Having known Poss Grey for 35 years I now realise I know almost nothing about her life before she pulled me a pint in Elterwater. But luck is at hand. An ongoing project of mine is a book called The Corn Close Book. Corn Close is our stone cottage in Dentdale, Cumbria. The book is about places we visit on foot and by car from there. And about the visitors. The interesting ones I have photographed by our neighbour, the notable boggart and polymath Mike Harding. Poss is one of the subjects and I asked each one to write out a little piece of autobiography. I have found her notes and here they are.

"I was born long ago (1913) in Cheshire. An odd background. One Armenian grandfather a Professor at Heidelberg; another stoned to death in Turkey. Various Gulbenkian cousins - no oil, they were poets! For his second child my father longed for a handsome, brown-eyed son, but there I lay in my pram, blonde, blue eyes fixed on buds and flowers. He said, `Lili, I think this one's going to be an idiot.'

"I hated every moment at an excellent school in Wales. He said, `After nine years and endless expense, you have learnt how to balance jelly on a fork. No Swiss finishing school for you!' So, three years at a co-ed agricultural school in the SW - hard work, exams and daily riding. I loved it.

"Off to prison went my first admirer, court-martialled for buzzing my house, followed by a second ditto five years later. But, a sudden meeting with an Australian Medical Officer with the RAF (to me a cross between Laurence Olivier and a god), and we were married in four weeks, thus starting my 37 removals and rehousing - a way of life. The [Second World] War, excitement and sadness; I didn't see him for four years. My small bit for the war effort was to establish Dove Cottage in Elterwater, in Lower Langdale in the Lake District. There we gave convalescent care to air crews injured in the Battle of Britain. These men came from all over the Commonwealth.

"Alone again, during the Suez crisis, I thought, `Why don't I take a pub?' Of course, my father said, `What do you know about any business, especially a pub? You don't even drink. You know what the locals will say.' The locals said: `She's either a witch or a bitch. And she uses garlic in her cooking!'

"But, the Britannia (halfway up Langdale where my people lived) took off. It became a Mecca for climbers, flyers, writers, racers (car and horse). One evening, there was a highlight. Into what the locals call `t' posh end' came a very big American, seeking food and drink. That was Jonathan Williams, who became an immediate and lifetime friend.

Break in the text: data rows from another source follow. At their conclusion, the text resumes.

(* Let $A=(a_{ij})\in M(m,\mathbb{C})$ be invertible and let $X_A$ be a complex algebra spanned by elements $\{x_{ij}:i,j=1,\ldots,m\}$ (not assumed linearly independent) satisfying $x_{ij}x_{kl}=a_{jk}x_{il}$. Then either $X_A=\{0\}$, or $X_A\neq\{0\}$, in which case $X_A$ is isomorphic to the matrix algebra $M(m,\mathbb{C})$, the elements $x_{ij}$ are linearly independent (in particular all nonzero) and form a basis of $X_A$, and the unit of $X_A$ is $\mathbb{1}=\sum_{i,j=1}^m (A^{-1})_{ij}\,x_{ij}$. *)

theory Defs
  imports "HOL-Analysis.Analysis"
begin

definition mat_cscale :: "complex \<Rightarrow> complex^'n^'n \<Rightarrow> complex^'n^'n" where
  "mat_cscale c M = (\<chi> i j. c * M $ i $ j)"

text \<open>A (possibly non-unital) associative complex algebra structure on a type 'a with ring
  operations, given by a complex scalar multiplication s: 'a is a complex vector space and
  multiplication is bilinear over the complex numbers.\<close>
definition complex_algebra :: "(complex \<Rightarrow> 'a::ring \<Rightarrow> 'a) \<Rightarrow> bool" where
  "complex_algebra s \<longleftrightarrow> vector_space s \<and>
     (\<forall>c x y. s c (x * y) = s c x * y \<and> s c (x * y) = x * s c y)"

definition matrix_algebra_iso ::
  "(complex \<Rightarrow> 'a::ring \<Rightarrow> 'a) \<Rightarrow> (complex^'n^'n \<Rightarrow> 'a) \<Rightarrow> bool" where
  "matrix_algebra_iso s f \<longleftrightarrow> bij f \<and>
     (\<forall>M N. f (M + N) = f M + f N) \<and>
     (\<forall>c M. f (mat_cscale c M) = s c (f M)) \<and>
     (\<forall>M N. f (M ** N) = f M * f N)"

end

theory Submission
  imports Defs
begin

text \<open>
  Put \<open>B = A\<^sup>-\<^sup>1\<close> and \<open>e\<^sub>i\<^sub>l = \<Sum>\<^sub>k B\<^sub>l\<^sub>k x\<^sub>i\<^sub>k\<close>. The relations turn into the matrix unit
  relations \<open>e\<^sub>i\<^sub>j e\<^sub>k\<^sub>l = \<delta>\<^sub>j\<^sub>k e\<^sub>i\<^sub>l\<close>, and conversely \<open>x\<^sub>i\<^sub>j = \<Sum>\<^sub>l A\<^sub>j\<^sub>l e\<^sub>i\<^sub>l\<close>. Hence
  \<open>f M = \<Sum> M\<^sub>i\<^sub>j e\<^sub>i\<^sub>j\<close> is an algebra homomorphism from the matrix algebra onto \<open>X\<^sub>A\<close>.
  If all \<open>e\<^sub>i\<^sub>j\<close> vanish, so do all \<open>x\<^sub>i\<^sub>j\<close> and \<open>X\<^sub>A = {0}\<close>. Otherwise some
  \<open>e\<^sub>p\<^sub>q \<noteq> 0\<close>, and \<open>e\<^sub>p\<^sub>a f(M) e\<^sub>b\<^sub>q = M\<^sub>a\<^sub>b e\<^sub>p\<^sub>q\<close> shows that \<open>f\<close> is injective. Since
  \<open>\<Sum> c\<^sub>i\<^sub>j x\<^sub>i\<^sub>j = f(C A)\<close> and \<open>A\<close> is invertible, the coefficients of the \<open>x\<^sub>i\<^sub>j\<close> are
  unique, and the unit is \<open>f(1) = \<Sum> B\<^sub>i\<^sub>j x\<^sub>i\<^sub>j\<close>.
\<close>

lemma matrix_inv_invertible:
  fixes A :: "'a::semiring_1^'n^'m"
  assumes "invertible A"
  shows "A ** matrix_inv A = mat 1" and "matrix_inv A ** A = mat 1"
proof -
  have "A ** matrix_inv A = mat 1 \<and> matrix_inv A ** A = mat 1"
    unfolding matrix_inv_def using assms unfolding invertible_def by (rule someI_ex)
  then show "A ** matrix_inv A = mat 1" "matrix_inv A ** A = mat 1" by auto
qed

lemma matrix_mult_right_cancel:
  fixes A :: "'a::semiring_1^'n^'n"
  assumes "invertible A" and "C ** A = D ** A"
  shows "C = D"
  by (metis assms matrix_inv_invertible(1) matrix_mul_assoc matrix_mul_rid)

locale algebra_over = vector_space s for s :: "'k::field \<Rightarrow> 'a::ring \<Rightarrow> 'a" +
  assumes scale_mult_left: "s c (y * z) = s c y * z"
    and scale_mult_right: "s c (y * z) = y * s c z"
begin

lemma scale_mult_scale: "s a y * s b z = s (a * b) (y * z)"
  by (metis scale_mult_left scale_mult_right scale_scale)

end

lemma complex_algebra_iff_algebra_over: "complex_algebra s \<longleftrightarrow> algebra_over s"
  unfolding complex_algebra_def algebra_over_def algebra_over_axioms_def by blast

locale matrix_relation_algebra = algebra_over s for s :: "'k::field \<Rightarrow> 'a::ring \<Rightarrow> 'a" +
  fixes A :: "'k^'n^'n" and x :: "'n \<Rightarrow> 'n \<Rightarrow> 'a"
  assumes invertible: "invertible A"
    and x_mult: "\<And>i j k l. x i j * x k l = s (A $ j $ k) (x i l)"
begin

definition matrix_unit :: "'n \<Rightarrow> 'n \<Rightarrow> 'a" where
  "matrix_unit i l = (\<Sum>k\<in>UNIV. s (matrix_inv A $ l $ k) (x i k))"

lemma matrix_unit_mult:
  "matrix_unit i j * matrix_unit k l = (if j = k then matrix_unit i l else 0)"
proof -
  let ?B = "matrix_inv A"
  have "matrix_unit i j * matrix_unit k l
      = (\<Sum>q\<in>UNIV. \<Sum>p\<in>UNIV. s (?B$j$p * A$p$k * ?B$l$q) (x i q))"
    unfolding matrix_unit_def sum_distrib_left sum_distrib_right scale_mult_scale x_mult
    by (simp add: mult_ac)
  also have "\<dots> = (\<Sum>q\<in>UNIV. s ((?B ** A)$j$k * ?B$l$q) (x i q))"
    by (simp add: scale_sum_left[symmetric] sum_distrib_right matrix_matrix_mult_def)
  also have "\<dots> = (if j = k then matrix_unit i l else 0)"
    by (simp add: matrix_inv_invertible(2)[OF invertible] mat_def matrix_unit_def)
  finally show ?thesis .
qed

lemma x_eq_sum_matrix_unit: "x i j = (\<Sum>l\<in>UNIV. s (A$j$l) (matrix_unit i l))"
proof -
  have "(\<Sum>l\<in>UNIV. s (A$j$l) (matrix_unit i l))
      = (\<Sum>k\<in>UNIV. s ((A ** matrix_inv A)$j$k) (x i k))"
    unfolding matrix_unit_def scale_sum_right scale_scale
    by (subst sum.swap) (simp add: scale_sum_left[symmetric] matrix_matrix_mult_def)
  also have "\<dots> = x i j"
    by (simp add: matrix_inv_invertible(1)[OF invertible] mat_def if_distrib[of "\<lambda>c. s c _"]
        sum.delta cong: if_cong)
  finally show ?thesis by simp
qed

definition of_matrix :: "'k^'n^'n \<Rightarrow> 'a" where
  "of_matrix M = (\<Sum>i\<in>UNIV. \<Sum>j\<in>UNIV. s (M$i$j) (matrix_unit i j))"

lemma of_matrix_add: "of_matrix (M + N) = of_matrix M + of_matrix N"
  by (simp add: of_matrix_def scale_left_distrib sum.distrib)

lemma of_matrix_scale: "of_matrix (\<chi> i j. c * M$i$j) = s c (of_matrix M)"
  by (simp add: of_matrix_def scale_sum_right)

lemma matrix_unit_mult_of_matrix:
  "matrix_unit i j * of_matrix M = (\<Sum>l\<in>UNIV. s (M$j$l) (matrix_unit i l))"
  unfolding of_matrix_def sum_distrib_left scale_mult_right[symmetric] matrix_unit_mult
  by (subst sum.swap) (simp add: if_distrib[of "s _"] sum.delta' cong: if_cong)

lemma of_matrix_mult: "of_matrix (M ** N) = of_matrix M * of_matrix N"
proof -
  have "of_matrix M * of_matrix N
      = (\<Sum>i\<in>UNIV. \<Sum>j\<in>UNIV. \<Sum>l\<in>UNIV. s (M$i$j * N$j$l) (matrix_unit i l))"
    unfolding of_matrix_def[of M] sum_distrib_right scale_mult_left[symmetric]
    by (simp add: matrix_unit_mult_of_matrix scale_sum_right)
  also have "\<dots> = (\<Sum>i\<in>UNIV. \<Sum>l\<in>UNIV. \<Sum>j\<in>UNIV. s (M$i$j * N$j$l) (matrix_unit i l))"
    by (rule sum.cong[OF refl], rule sum.swap)
  also have "\<dots> = of_matrix (M ** N)"
    by (simp add: of_matrix_def matrix_matrix_mult_def scale_sum_left)
  finally show ?thesis by simp
qed

lemma matrix_unit_sandwich:
  "matrix_unit p a * of_matrix M * matrix_unit b q = s (M$a$b) (matrix_unit p q)"
  by (simp add: matrix_unit_mult_of_matrix sum_distrib_right scale_mult_left[symmetric]
      matrix_unit_mult if_distrib[of "s _"] sum.delta cong: if_cong)

lemma of_matrix_mat_1:
  "of_matrix (mat 1) = (\<Sum>i\<in>UNIV. \<Sum>j\<in>UNIV. s (matrix_inv A $ i $ j) (x i j))"
  by (simp add: of_matrix_def mat_def if_distrib[of "\<lambda>c. s c _"] sum.delta matrix_unit_def
      cong: if_cong)

lemma of_matrix_mat_1_unit:
  assumes "surj of_matrix"
  shows "of_matrix (mat 1) * y = y" and "y * of_matrix (mat 1) = y"
proof -
  obtain N where "y = of_matrix N" using assms by (metis surjD)
  then show "of_matrix (mat 1) * y = y" and "y * of_matrix (mat 1) = y"
    by (simp_all flip: of_matrix_mult)
qed

lemma sum_scale_x_eq_of_matrix:
  "(\<Sum>i\<in>UNIV. \<Sum>j\<in>UNIV. s (c i j) (x i j)) = of_matrix ((\<chi> i j. c i j) ** A)"
proof -
  have "(\<Sum>i\<in>UNIV. \<Sum>j\<in>UNIV. s (c i j) (x i j))
      = (\<Sum>i\<in>UNIV. \<Sum>j\<in>UNIV. \<Sum>l\<in>UNIV. s (c i j * A$j$l) (matrix_unit i l))"
    by (simp add: x_eq_sum_matrix_unit scale_sum_right)
  also have "\<dots> = (\<Sum>i\<in>UNIV. \<Sum>l\<in>UNIV. \<Sum>j\<in>UNIV. s (c i j * A$j$l) (matrix_unit i l))"
    by (rule sum.cong[OF refl], rule sum.swap)
  also have "\<dots> = of_matrix ((\<chi> i j. c i j) ** A)"
    by (simp add: of_matrix_def matrix_matrix_mult_def scale_sum_left)
  finally show ?thesis .
qed

lemma x_eq_sum_scale_indicator:
  "x i j = (\<Sum>k\<in>UNIV. \<Sum>l\<in>UNIV. s (if (k, l) = (i, j) then 1 else 0) (x k l))"
  by (simp add: if_distrib[of "\<lambda>c. s c _"] sum.cartesian_product case_prod_unfold sum.delta
      del: prod.inject cong: if_cong)

lemma x_eq_of_matrix: "x i j = of_matrix ((\<chi> k l. if (k, l) = (i, j) then 1 else 0) ** A)"
  by (subst x_eq_sum_scale_indicator) (rule sum_scale_x_eq_of_matrix)

lemma subspace_range_of_matrix: "subspace (range of_matrix)"
proof (rule subspaceI)
  show "0 \<in> range of_matrix"
    by (metis rangeI of_matrix_scale scale_zero_left)
  show "y + z \<in> range of_matrix" if "y \<in> range of_matrix" "z \<in> range of_matrix" for y z
    using that by (auto simp flip: of_matrix_add)
  show "s c y \<in> range of_matrix" if "y \<in> range of_matrix" for c y
    using that by (auto simp flip: of_matrix_scale)
qed

lemma surj_of_matrix:
  assumes "span (range (\<lambda>(i, j). x i j)) = UNIV"
  shows "surj of_matrix"
proof -
  have "span (range (\<lambda>(i, j). x i j)) \<subseteq> range of_matrix"
    by (rule span_minimal[OF _ subspace_range_of_matrix]) (auto simp: x_eq_of_matrix)
  then show ?thesis
    using assms by auto
qed

lemma trivial_if_matrix_units_zero:
  assumes "span (range (\<lambda>(i, j). x i j)) = UNIV" and "\<And>i j. matrix_unit i j = 0"
  shows "(UNIV :: 'a set) = {0}"
proof -
  have "range (\<lambda>(i, j). x i j) \<subseteq> {0}"
    using assms(2) by (auto simp: x_eq_sum_matrix_unit)
  then have "span (range (\<lambda>(i, j). x i j)) \<subseteq> {0}"
    by (metis span_mono span_empty span_insert_0)
  then show ?thesis using assms(1) by auto
qed

lemma of_matrix_diff: "of_matrix (M - N) = of_matrix M - of_matrix N"
  by (simp add: of_matrix_def scale_left_diff_distrib sum_subtractf)

lemma inj_of_matrix:
  assumes "matrix_unit p q \<noteq> 0"
  shows "inj of_matrix"
proof (rule injI)
  fix M N assume "of_matrix M = of_matrix N"
  then have "s ((M - N)$a$b) (matrix_unit p q) = 0" for a b
    unfolding matrix_unit_sandwich[symmetric] by (simp add: of_matrix_diff)
  then show "M = N"
    using assms by (simp add: vec_eq_iff)
qed

lemma x_coefficients_unique:
  assumes "inj of_matrix"
    and "(\<Sum>i\<in>UNIV. \<Sum>j\<in>UNIV. s (c i j) (x i j)) = (\<Sum>i\<in>UNIV. \<Sum>j\<in>UNIV. s (d i j) (x i j))"
  shows "c = d"
proof -
  have "of_matrix ((\<chi> i j. c i j) ** A) = of_matrix ((\<chi> i j. d i j) ** A)"
    using assms(2) by (simp only: sum_scale_x_eq_of_matrix)
  then have "(\<chi> i j. c i j) ** A = (\<chi> i j. d i j) ** A"
    by (rule injD[OF assms(1)])
  then have "(\<chi> i j. c i j) = (\<chi> i j. d i j)"
    by (rule matrix_mult_right_cancel[OF invertible])
  then show ?thesis
    by (simp add: vec_eq_iff fun_eq_iff)
qed

lemma inj_x:
  assumes "inj of_matrix"
  shows "inj (\<lambda>(i, j). x i j)"
proof (rule injI, clarify)
  fix i j k l assume "x i j = x k l"
  then have "(\<Sum>a\<in>UNIV. \<Sum>b\<in>UNIV. s (if (a, b) = (i, j) then 1 else 0) (x a b))
      = (\<Sum>a\<in>UNIV. \<Sum>b\<in>UNIV. s (if (a, b) = (k, l) then 1 else 0) (x a b))"
    by (simp only: x_eq_sum_scale_indicator[symmetric])
  then have "(\<lambda>a b. if (a, b) = (i, j) then 1 else 0 :: 'k)
      = (\<lambda>a b. if (a, b) = (k, l) then 1 else 0)"
    by (rule x_coefficients_unique[OF assms])
  from fun_cong[OF fun_cong[OF this, of i], of j] show "i = k \<and> j = l"
    by (auto split: if_splits)
qed

lemma independent_x:
  assumes "inj of_matrix"
  shows "\<not> dependent (range (\<lambda>(i, j). x i j))"
proof
  let ?X = "\<lambda>(i, j). x i j"
  assume "dependent (range ?X)"
  then obtain u v where "v \<in> range ?X" "u v \<noteq> 0" and "(\<Sum>v\<in>range ?X. s (u v) v) = 0"
    by (auto simp: dependent_finite)
  moreover have "(\<Sum>v\<in>range ?X. s (u v) v) = (\<Sum>i\<in>UNIV. \<Sum>j\<in>UNIV. s (u (x i j)) (x i j))"
    by (simp add: sum.reindex[OF inj_x[OF assms]]) (simp add: sum.cartesian_product split_def)
  ultimately have "(\<lambda>i j. u (x i j)) = (\<lambda>_ _. 0)"
    by (intro x_coefficients_unique[OF assms]) simp
  with \<open>v \<in> range ?X\<close> \<open>u v \<noteq> 0\<close> show False
    by (auto simp: fun_eq_iff)
qed

lemma x_nonzero:
  assumes "inj of_matrix"
  shows "x i j \<noteq> 0"
  using independent_x[OF assms] dependent_zero[of "range (\<lambda>(i, j). x i j)"]
  by (metis case_prod_conv rangeI)

end

theorem theorem31:
  fixes s :: "complex \<Rightarrow> 'a::ring \<Rightarrow> 'a"
    and A :: "complex^'n^'n"
    and x :: "'n \<Rightarrow> 'n \<Rightarrow> 'a"
  assumes alg: "complex_algebra s"
    and inv: "invertible A"
    and spans: "module.span s (range (\<lambda>(i, j). x i j)) = UNIV"
    and rel: "\<And>i j k l. x i j * x k l = s (A $ j $ k) (x i l)"
  shows "(UNIV :: 'a set) = {0} \<or>
         ((UNIV :: 'a set) \<noteq> {0} \<and>
          (\<exists>f :: complex^'n^'n \<Rightarrow> 'a. matrix_algebra_iso s f) \<and>
          inj (\<lambda>(i, j). x i j) \<and>
          \<not> module.dependent s (range (\<lambda>(i, j). x i j)) \<and>
          (\<forall>i j. x i j \<noteq> 0) \<and>
          (let u = (\<Sum>i\<in>UNIV. \<Sum>j\<in>UNIV. s (matrix_inv A $ i $ j) (x i j))
           in \<forall>y. u * y = y \<and> y * u = y))"
proof -
  interpret matrix_relation_algebra s A x
    using alg inv rel unfolding complex_algebra_iff_algebra_over
    by (intro matrix_relation_algebra.intro matrix_relation_algebra_axioms.intro)
  show ?thesis
  proof (cases "\<exists>p q. matrix_unit p q \<noteq> 0")
    case False
    then show ?thesis
      using trivial_if_matrix_units_zero[OF spans] by blast
  next
    case True
    then obtain p q where "matrix_unit p q \<noteq> 0" by blast
    then have nontrivial: "(UNIV :: 'a set) \<noteq> {0}" and inj: "inj of_matrix"
      by (auto intro: inj_of_matrix)
    have surj: "surj of_matrix"
      using spans by (rule surj_of_matrix)
    have "matrix_algebra_iso s of_matrix"
      unfolding matrix_algebra_iso_def bij_def mat_cscale_def
      using inj surj by (simp add: of_matrix_add of_matrix_scale of_matrix_mult)
    then show ?thesis
      using nontrivial inj_x[OF inj] independent_x[OF inj] x_nonzero[OF inj]
        of_matrix_mat_1_unit[OF surj] by (auto simp flip: of_matrix_mat_1)
  qed
qed

end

"Eventually, I bought the George Inn, at Hubberholme in Upper Wharfedale, with its fair share of funny (ha ha) and funny (peculiar) hill farmers, plus plenty of ramblers. After two years, in walked Chris Grey - ex-RAF and GM of BP Oil - and that was that. He whisked me off to Arabia. We lived in Bahrain and I went with him on his continual visits to the Emirates - fascinating countries. I loved the people, who were so handsome and courteous. I bought a pretty Tudor house in Devon for C's early retirement, but he died, very suddenly, in the desert. He was 48.

"Back in the Lakes they said, `Buy a pub. You need work.' So to Eskdale and another lovely old building to restore, but alone. Then, moving again, to Middleham amidst the race horses and the castles. And now, finally, again the Lakes. My three first loves have always been horses, men and gardening. As the saying is: Life Goes On. But, in second gear."

Nevart Smith, publican: born 1913; married secondly Chris Grey (deceased); died Troutbeck Bridge, Cumbria 3 September 1998.